Using the material below, return exactly the lines between the one holding "using bound[OF that]" and the one holding "define y where", inclusive, and no others.

(Supplied material Opens)

(* Let $A\in\mathcal{S}$ with elements $a_0<a_1<\dots<a_{n-1}$ and greatest element $a_{\max}=a_{n-1}$. Then $A$ is decomposable if and only if there is an $i<n-1$ such that $o(a_i,a_{\max})=0$.
   Context: $\mathrm{Homeo}_+(I)$ acts on $I=[0,1]$ on the right, composition left to right, $f^g=g^{-1}fg$. Support $\mathrm{supt}(f)=\{t:tf\ne t\}$; extended support = interior of its closure; orbitals = components of the support, endpoints = transition points; a bump has exactly one orbital, positive if $tf>t$ there, else negative; the bump of $g$ on an orbital $J$ agrees with $g$ on $J$ and is the identity elsewhere. A marking assigns to each bump $a$ with support $(u,v)$ a point $s_a\in(u,v)$; feet of $a$: $(u,s_a)$ and $[t_a,v)$ with $t_a=s_aa$ ($a$ positive) or $s_aa^{-1}$ ($a$ negative). A marked function has finitely many bumps, each marked. A finite set of marked functions is fast if no bump occurs in two of its elements and distinct bumps have disjoint feet. A standard function is a marked function whose extended support is an interval, with all positive bumps right of all negative bumps, and #positive $-$ #negative bumps $\in\{0,1\}$. For standard $f,g$: $f\ll g$ iff extended supports disjoint with $f$'s to the left; $f\sqsubset g$ iff closure of extended support of $f$ lies in extended support of $g$; $f<g$ iff $f\ll g$ or $f\sqsubset g$. $f^\circ$: if $f$ has $>2$ orbitals, $f$ restricted to the union of its non-extreme orbitals (identity elsewhere, markers inherited); if $f$ has 1 or 2 orbitals and the left foot of its positive bump is $(r,s)$, a positive bump with support $(r,s)$. $(f,g)$ is a standard pair if $\{f,g\}$ is fast and either $f\ll g$ or ($f\sqsubset g$ and $(g^\circ,f)$ is a standard pair). $\mathcal{S}$ = finite sets of standard functions, pairwise $<$-comparable, each pair $f<g$ a standard pair. For $f<g$ the oscillation $o(f,g)$ is the number of orbitals of $g$ containing a transition point of $f$. For $A,B,C\in\mathcal S$, $A=B+C$ means $A=B\cup C$ and $b\ll c$ for all $b\in B$, $c\in C$; $A$ is decomposable if $A=B+C$ for some nonempty $B,C$, and indecomposable otherwise. *)

theory Defs
  imports "HOL-Analysis.Analysis"
begin
lemma levi_civita_left: "(\<lambda>x. lc x z) = (\<lambda>x. (-1/2) *\<^sub>R (br z x + adj (br z) x + j z x))"
  by (rule ext) (simp add: levi_civita_eq j_def br_anticomm[of _ z] algebra_simps)

lemmas linear_combination_intros =
  real_vector.module_hom_add real_vector.module_hom_sub real_vector.module_hom_scale

lemma linear_levi_civita: "linear (lc x)"
  unfolding levi_civita_right by (intro linear_combination_intros linear_br linear_adj linear_j)

lemma linear_levi_civita_left: "linear (\<lambda>x. lc x z)"
  unfolding levi_civita_left by (intro linear_combination_intros linear_br linear_adj linear_j)

lemma bilinear_levi_civita: "bilinear lc"
  by (simp add: bilinear_def linear_levi_civita linear_levi_civita_left)

lemmas levi_civita_simps =
  bilinear_ladd[OF bilinear_levi_civita] bilinear_radd[OF bilinear_levi_civita]
  bilinear_lmul[OF bilinear_levi_civita] bilinear_rmul[OF bilinear_levi_civita]
  bilinear_lneg[OF bilinear_levi_civita] bilinear_rneg[OF bilinear_levi_civita]
  bilinear_lzero[OF bilinear_levi_civita] bilinear_rzero[OF bilinear_levi_civita]
  bilinear_lsub[OF bilinear_levi_civita] bilinear_rsub[OF bilinear_levi_civita]

lemma skew_adjoint_levi_civita: "skew_adjoint G (lc x)"
  unfolding skew_adjoint_def levi_civita_eq
  using skew_adjoint_j[of x]
  by (simp add: skew_adjoint_def G_adj[OF linear_br] G_adj_left[OF linear_br] algebra_simps)

lemma levi_civita_torsion_free: "lc x z - lc z x = br x z"
proof -
  have "lc x z - lc z x = (1/2) *\<^sub>R (br x z - br z x)"
    by (simp add: levi_civita_eq j_def algebra_simps)
  then show ?thesis
    by (simp add: br_anticomm[of z x] flip: scaleR_2)
qed

lemma trace_levi_civita_left: "trace (\<lambda>x. lc x w) = - trace (br w)"
proof -
  have "trace (j w) = 0"
    by (rule trace_skew_adjoint[OF linear_j skew_adjoint_j])
  then show ?thesis
    unfolding levi_civita_left
    by (simp add: trace_neg trace_scale trace_add trace_adj linear_br)
qed

lemma linear_curvature: "linear (curvature br G x y)"
  by (rule linearI) (simp_all add: curvature_def levi_civita_simps algebra_simps)

lemma linear_ricci_tensor: "linear (ricci_tensor br G y)"
proof (rule linearI)
  fix u v
  have "(\<lambda>x. curvature br G x y (u + v)) = (\<lambda>x. curvature br G x y u + curvature br G x y v)"
    by (simp add: linear_add[OF linear_curvature])
  then show "ricci_tensor br G y (u + v) = ricci_tensor br G y u + ricci_tensor br G y v"
    by (simp add: ricci_tensor_def trace_add)
next
  fix r u
  have "(\<lambda>x. curvature br G x y (r *\<^sub>R u)) = (\<lambda>x. r *\<^sub>R curvature br G x y u)"
    by (simp add: linear_scale[OF linear_curvature])
  then show "ricci_tensor br G y (r *\<^sub>R u) = r *\<^sub>R ricci_tensor br G y u"
    by (simp add: ricci_tensor_def trace_scale)
qed
(* Let $\vec{k}=(k_1,\dots,k_\ell)$ be any vector of positive integers and let $\mathcal{K}$ be the set of all distinct rearrangements of $\vec k$. Then $$\widetilde{C}_{\mathcal{K}}(q,t)=\sum_{\pi\in\mathcal{D}_{\mathcal{K}}} q^{\mathrm{area}(\pi)}t^{\mathrm{depth}(\pi)}$$ is $q,t$-symmetric, i.e. $\widetilde{C}_{\mathcal{K}}(q,t)=\widetilde{C}_{\mathcal{K}}(t,q)$, where $\mathcal{D}_{\mathcal{K}}$ is the union of $\mathcal{D}_{\vec u}$ over $\vec u\in\mathcal{K}$.
   Context: For a vector $\vec{u}=(u_1,\dots,u_m)$ of positive integers put $|\vec u|=u_1+\cdots+u_m$ and $N=|\vec u|+m$. A $\vec u$-Dyck path is a word $\pi=\pi_1\cdots\pi_N$ containing the letters $S^{u_1},\dots,S^{u_m}$ exactly once each and in this order, together with $|\vec u|$ letters $W$, such that all starting ranks are nonnegative, where $r_1=0$, $r_{i+1}=r_i+u_j$ if $\pi_i=S^{u_j}$ and $r_{i+1}=r_i-1$ if $\pi_i=W$. $\mathcal{D}_{\vec u}$ is the set of such paths. The area sequence is $(a_1,\dots,a_m)$ with $a_j$ the starting rank of $S^{u_j}$, and $\mathrm{area}(\pi)=\sum a_j$. Filling algorithm $\eta_*$: in a tableau of $m$ top-justified columns, column $i$ having $u_i+1$ cells, place $1$ at the top of column 1; for $i=2,\dots,N$, call an entry active if it is currently the bottom entry of a column $i'$ not yet containing $u_{i'}+1$ entries; if $\pi_i=W$ place $i$ immediately below the largest active entry, otherwise place $i$ at the top of the first empty column. Ranking algorithm $\gamma_*$: column 1 gets ranks $0,1,\dots,u_1$ top to bottom; for $i\ge2$, if the top entry of column $i$ of $\eta_*(\pi)$ is $A+1$ and $A$ has rank $\alpha$, column $i$ gets ranks $\alpha,\dots,\alpha+u_i$ top to bottom. The depth labeling sequence $(d_1,\dots,d_m)$ is the first row of the ranking tableau and $\mathrm{depth}(\pi)=\sum d_j$. *)

theory Defs
  imports Main "HOL-Library.Multiset"
begin
lemma relatively_bounded_perturbation:
  fixes A A' :: "'a::chilbert_space \<Rightarrow> 'b::chilbert_space"
  assumes "densely_defined_closed D A" "is_operator D A'" "0 \<le> r"
    and bound: "\<And>z. z \<in> D \<Longrightarrow> norm (A' z - A z) \<le> r * norm (A z, z)"
    and bound': "\<And>z. z \<in> D \<Longrightarrow> norm (A' z - A z) \<le> r * norm (A' z, z)"
  shows "densely_defined_closed D A' \<and> gap D A D A' \<le> r"
proof -
  have op: "is_operator D A" and "closure D = UNIV" and closed: "closed (graph D A)"
    using assms(1) by (simp_all add: densely_defined_closed_def)
  have "closed (graph D A')"
  proof (rule closed_graph_if_graph_norms_equivalent[OF op assms(2) closed])
    show "0 \<le> 2 + r"
      using \<open>0 \<le> r\<close> by simp
    show "norm (A' z, z) \<le> (2 + r) * norm (A z, z)" if "z \<in> D" for z
      using bound[OF that] by (rule norm_graph_le_if_relative_bound)
    show "norm (A z, z) \<le> (2 + r) * norm (A' z, z)" if "z \<in> D" for z
      using bound'[OF that]
      by (intro norm_graph_le_if_relative_bound) (simp add: norm_minus_commute)
  qed
  then show ?thesis
    using gap_le[OF op assms(2) closed _ \<open>0 \<le> r\<close> bound bound'] assms(2) \<open>closure D = UNIV\<close>
    by (simp add: densely_defined_closed_def)
qed

section \<open>Minimum modulus, and the case of modulus zero\<close>

lemma normalized_in_csubspace:
  assumes "csubspace D" "x \<in> D" "x \<noteq> 0"
  shows "scaleC (complex_of_real (1 / norm x)) x \<in> D"
    and "norm (scaleC (complex_of_real (1 / norm x)) x) = 1"
  using assms by (simp_all add: csubspace_def norm_scaleC norm_divide)

lemma exists_unit_vector_if_dense:
  fixes D :: "'a::complex_inner set"
  assumes "infinite_dimensional TYPE('a)" "csubspace D" "closure D = UNIV"
  shows "\<exists>x\<in>D. norm x = 1"
proof -
  have "cspan ({} :: 'a set) = {0}"
    by (simp add: cspan_def)
  moreover have "cspan ({} :: 'a set) \<noteq> UNIV"
    using assms(1) by (simp add: infinite_dimensional_def)
  ultimately obtain v :: 'a where "v \<noteq> 0"
    by auto
  then have "\<not> D \<subseteq> {0}"
    using assms(3) closure_minimal[of D "{0}"] by auto
  then obtain x where "x \<in> D" "x \<noteq> 0"
    by auto
  then show ?thesis
    using normalized_in_csubspace[OF assms(2)] by blast
qed

lemma min_modulus_nonneg: "\<exists>x\<in>D. norm x = 1 \<Longrightarrow> 0 \<le> min_modulus D A"
  unfolding min_modulus_def by (rule cInf_greatest) auto

lemma min_modulus_le:
  assumes "is_operator D A" "x \<in> D"
  shows "min_modulus D A * norm x \<le> norm (A x)"
proof (cases "x = 0")
  case False
  define y where "y = scaleC (complex_of_real (1 / norm x)) x"
  have "y \<in> D" "norm y = 1"
    using normalized_in_csubspace[OF _ assms(2) False] assms(1)
    by (simp_all add: y_def is_operator_def)
  then have "min_modulus D A \<le> norm (A y)"
    unfolding min_modulus_def by (intro cInf_lower) (auto intro: bdd_belowI[of _ 0])
  also have "norm (A y) = norm (A x) / norm x"
    using assms by (simp add: y_def is_operator_def norm_scaleC norm_divide)
  finally show ?thesis
    using False by (simp add: le_divide_eq)
qed (use assms is_operator_zero in simp)
text \<open>In rank order, \<open>b p\<close> is the weight \<open>\<alpha>\<close> and \<open>e p\<close> the deficit \<open>T - \<alpha>\<close> of the vertex of
  rank \<open>p\<close>, so \<open>b + e = max \<alpha> T\<close> decreases. Both lemmas move a feasible pair \<open>(D, R)\<close> to the
  top ranks, with \<open>R\<close> pushed as far down as the qualified vertices (ranks below \<open>q\<close>) allow.\<close>
lemma exchange_few_qualified:
  fixes b e :: "nat \<Rightarrow> int"
  assumes b_anti: "\<And>p p'. p \<le> p' \<Longrightarrow> p' < n \<Longrightarrow> b p' \<le> b p"
    and be_anti: "\<And>p p'. p \<le> p' \<Longrightarrow> p' < n \<Longrightarrow> b p' + e p' \<le> b p + e p"
    and D: "D \<subseteq> {..<n}" and R: "R \<subseteq> {..<q}" "D \<inter> R = {}"
    and q: "q \<le> n" "q \<le> card D + card R"
    and feasible: "sum e R \<le> sum b D"
  shows "sum e {q - card R..<q} \<le> sum b ({..<card D + card R} - {q - card R..<q})"
proof -
  define I where "I = {q - card R..<q}"
  define h where "h p = b p + e p" for p
  have fin: "finite D" "finite R" using D R by (auto intro: finite_subset)
  have "card R \<le> q" using card_mono[OF _ R(1)] by simp
  have "D \<union> R \<subseteq> {..<n}" using D R q by auto
  from antimono_sum_le_sum_lessThan[OF b_anti this]
  have top_b: "sum b D + sum b R \<le> sum b {..<card D + card R}"
    using fin R(2) by (simp add: card_Un_disjoint sum.union_disjoint)
  have h_anti: "h p' \<le> h p" if "p \<le> p'" "p' < q" for p p'
    using be_anti that q(1) by (simp add: h_def)
  have "{..<q} - R \<subseteq> {..<q}" by auto
  from antimono_sum_le_sum_lessThan[OF h_anti this]
  have top_h: "sum h ({..<q} - R) \<le> sum h {..<q - card R}"
    using R(1) fin by (simp add: card_Diff_subset)
  have "sum h {..<q} = sum h ({..<q} - R) + sum h R"
    using R(1) by (metis finite_lessThan sum.subset_diff)
  moreover have "{..<q} = {..<q - card R} \<union> I" using \<open>card R \<le> q\<close> by (auto simp: I_def)
  then have "sum h {..<q} = sum h {..<q - card R} + sum h I"
    by (simp add: sum.union_disjoint ivl_disj_int(2) I_def)
  ultimately have "sum h I \<le> sum h R" using top_h by simp
  then have "sum b I + sum e I \<le> sum b R + sum e R" by (simp add: h_def sum.distrib)
  moreover have "sum b ({..<card D + card R} - I) = sum b {..<card D + card R} - sum b I"
    using q(2) by (intro sum_diff) (auto simp: I_def)
  ultimately show ?thesis using top_b feasible by (simp add: I_def[symmetric])
qed

lemma exchange_many_qualified:
  fixes b e :: "nat \<Rightarrow> int"
  assumes e_mono: "\<And>p p'. p \<le> p' \<Longrightarrow> p' < n \<Longrightarrow> e p \<le> e p'"
    and be_anti: "\<And>p p'. p \<le> p' \<Longrightarrow> p' < n \<Longrightarrow> b p' + e p' \<le> b p + e p"
    and DR: "D \<subseteq> {..<n}" "R \<subseteq> {..<n}" "D \<inter> R = {}"
    and feasible: "sum e R \<le> sum b D"
  shows "sum e {card D..<card D + card R} \<le> sum b {..<card D}"
proof -
  have fin: "finite D" "finite R" using DR by (auto intro: finite_subset)
  have neg_e_anti: "- e p' \<le> - e p" if "p \<le> p'" "p' < n" for p p'
    using e_mono[OF that] by simp
  have "D \<union> R \<subseteq> {..<n}" using DR by auto
  from antimono_sum_le_sum_lessThan[of n "\<lambda>p. - e p", OF neg_e_anti this]
  have top_e: "sum e {..<card D + card R} \<le> sum e D + sum e R"
    using fin DR(3) by (simp add: card_Un_disjoint sum.union_disjoint sum_negf)
  from antimono_sum_le_sum_lessThan[OF be_anti DR(1)]
  have top_be: "sum b D + sum e D \<le> sum b {..<card D} + sum e {..<card D}"
    by (simp add: sum.distrib)
  have "{..<card D + card R} = {..<card D} \<union> {card D..<card D + card R}" by auto
  then have "sum e {..<card D + card R} = sum e {..<card D} + sum e {card D..<card D + card R}"
    by (simp add: sum.union_disjoint ivl_disj_int(2))
  with top_e top_be feasible show ?thesis by simp
qed
lemma relation_word_null:
  fixes c :: "'r::ring_1"
  assumes "fa_sub (mono u (1::'r)) fa_zero \<in> lpa_rels V Ed s r" "set x \<subseteq> G" "set y \<subseteq> G"
  shows "word_null c (x @ u @ y)"
proof -
  have "lpa_cong (mono u (1::'r)) fa_zero"
    using assms(1) unfolding lpa_cong_def by (rule lpa_ideal.li_rel)
  then have "mono u (1::'r) \<in> J"
    by (simp add: lpa_cong_zero_iff)
  then have "word_null c u"
    unfolding word_null_def mono_eq_lsmul [of _ c] by (rule lpa_ideal.li_lsmul)
  with assms(2,3) show ?thesis by (rule word_null_context)
qed

lemma lpa_rels_memberI:
  shows "v \<in> V \<Longrightarrow> fa_sub (mono [GV v, GV v] 1) (mono [GV v] 1) \<in> lpa_rels V Ed s r"
    and "v \<in> V \<Longrightarrow> v' \<in> V \<Longrightarrow> v \<noteq> v' \<Longrightarrow> fa_sub (mono [GV v, GV v'] 1) fa_zero \<in> lpa_rels V Ed s r"
    and "a \<in> Ed \<Longrightarrow> fa_sub (mono [GV (s a), GE a] 1) (mono [GE a] 1) \<in> lpa_rels V Ed s r"
    and "a \<in> Ed \<Longrightarrow> fa_sub (mono [GE a, GV (r a)] 1) (mono [GE a] 1) \<in> lpa_rels V Ed s r"
    and "a \<in> Ed \<Longrightarrow> fa_sub (mono [GV (r a), GS a] 1) (mono [GS a] 1) \<in> lpa_rels V Ed s r"
    and "a \<in> Ed \<Longrightarrow> fa_sub (mono [GS a, GV (s a)] 1) (mono [GS a] 1) \<in> lpa_rels V Ed s r"
    and "a \<in> Ed \<Longrightarrow> fa_sub (mono [GS a, GE a] 1) (mono [GV (r a)] 1) \<in> lpa_rels V Ed s r"
    and "a \<in> Ed \<Longrightarrow> b \<in> Ed \<Longrightarrow> a \<noteq> b \<Longrightarrow> fa_sub (mono [GS a, GE b] 1) fa_zero \<in> lpa_rels V Ed s r"
  unfolding lpa_rels_def by (blast | (intro UnI1; force) | (rule UnI1, rule UnI2, force))+

lemma gens_simps [simp]: "GV v \<in> G \<longleftrightarrow> v \<in> V" "GE a \<in> G \<longleftrightarrow> a \<in> Ed" "GS a \<in> G \<longleftrightarrow> a \<in> Ed"
  by (auto simp: gens_def)

lemma edge_source_in_V [simp]: "a \<in> Ed \<Longrightarrow> s a \<in> V"
  using source_in_V by auto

(Supplied material Closes)

_Task result_
      using bound[OF that] by (rule norm_graph_le_if_relative_bound)
    show "norm (A z, z) \<le> (2 + r) * norm (A' z, z)" if "z \<in> D" for z
      using bound'[OF that]
      by (intro norm_graph_le_if_relative_bound) (simp add: norm_minus_commute)
  qed
  then show ?thesis
    using gap_le[OF op assms(2) closed _ \<open>0 \<le> r\<close> bound bound'] assms(2) \<open>closure D = UNIV\<close>
    by (simp add: densely_defined_closed_def)
qed

section \<open>Minimum modulus, and the case of modulus zero\<close>

lemma normalized_in_csubspace:
  assumes "csubspace D" "x \<in> D" "x \<noteq> 0"
  shows "scaleC (complex_of_real (1 / norm x)) x \<in> D"
    and "norm (scaleC (complex_of_real (1 / norm x)) x) = 1"
  using assms by (simp_all add: csubspace_def norm_scaleC norm_divide)

lemma exists_unit_vector_if_dense:
  fixes D :: "'a::complex_inner set"
  assumes "infinite_dimensional TYPE('a)" "csubspace D" "closure D = UNIV"
  shows "\<exists>x\<in>D. norm x = 1"
proof -
  have "cspan ({} :: 'a set) = {0}"
    by (simp add: cspan_def)
  moreover have "cspan ({} :: 'a set) \<noteq> UNIV"
    using assms(1) by (simp add: infinite_dimensional_def)
  ultimately obtain v :: 'a where "v \<noteq> 0"
    by auto
  then have "\<not> D \<subseteq> {0}"
    using assms(3) closure_minimal[of D "{0}"] by auto
  then obtain x where "x \<in> D" "x \<noteq> 0"
    by auto
  then show ?thesis
    using normalized_in_csubspace[OF assms(2)] by blast
qed

lemma min_modulus_nonneg: "\<exists>x\<in>D. norm x = 1 \<Longrightarrow> 0 \<le> min_modulus D A"
  unfolding min_modulus_def by (rule cInf_greatest) auto

lemma min_modulus_le:
  assumes "is_operator D A" "x \<in> D"
  shows "min_modulus D A * norm x \<le> norm (A x)"
proof (cases "x = 0")
  case False
  define y where "y = scaleC (complex_of_real (1 / norm x)) x"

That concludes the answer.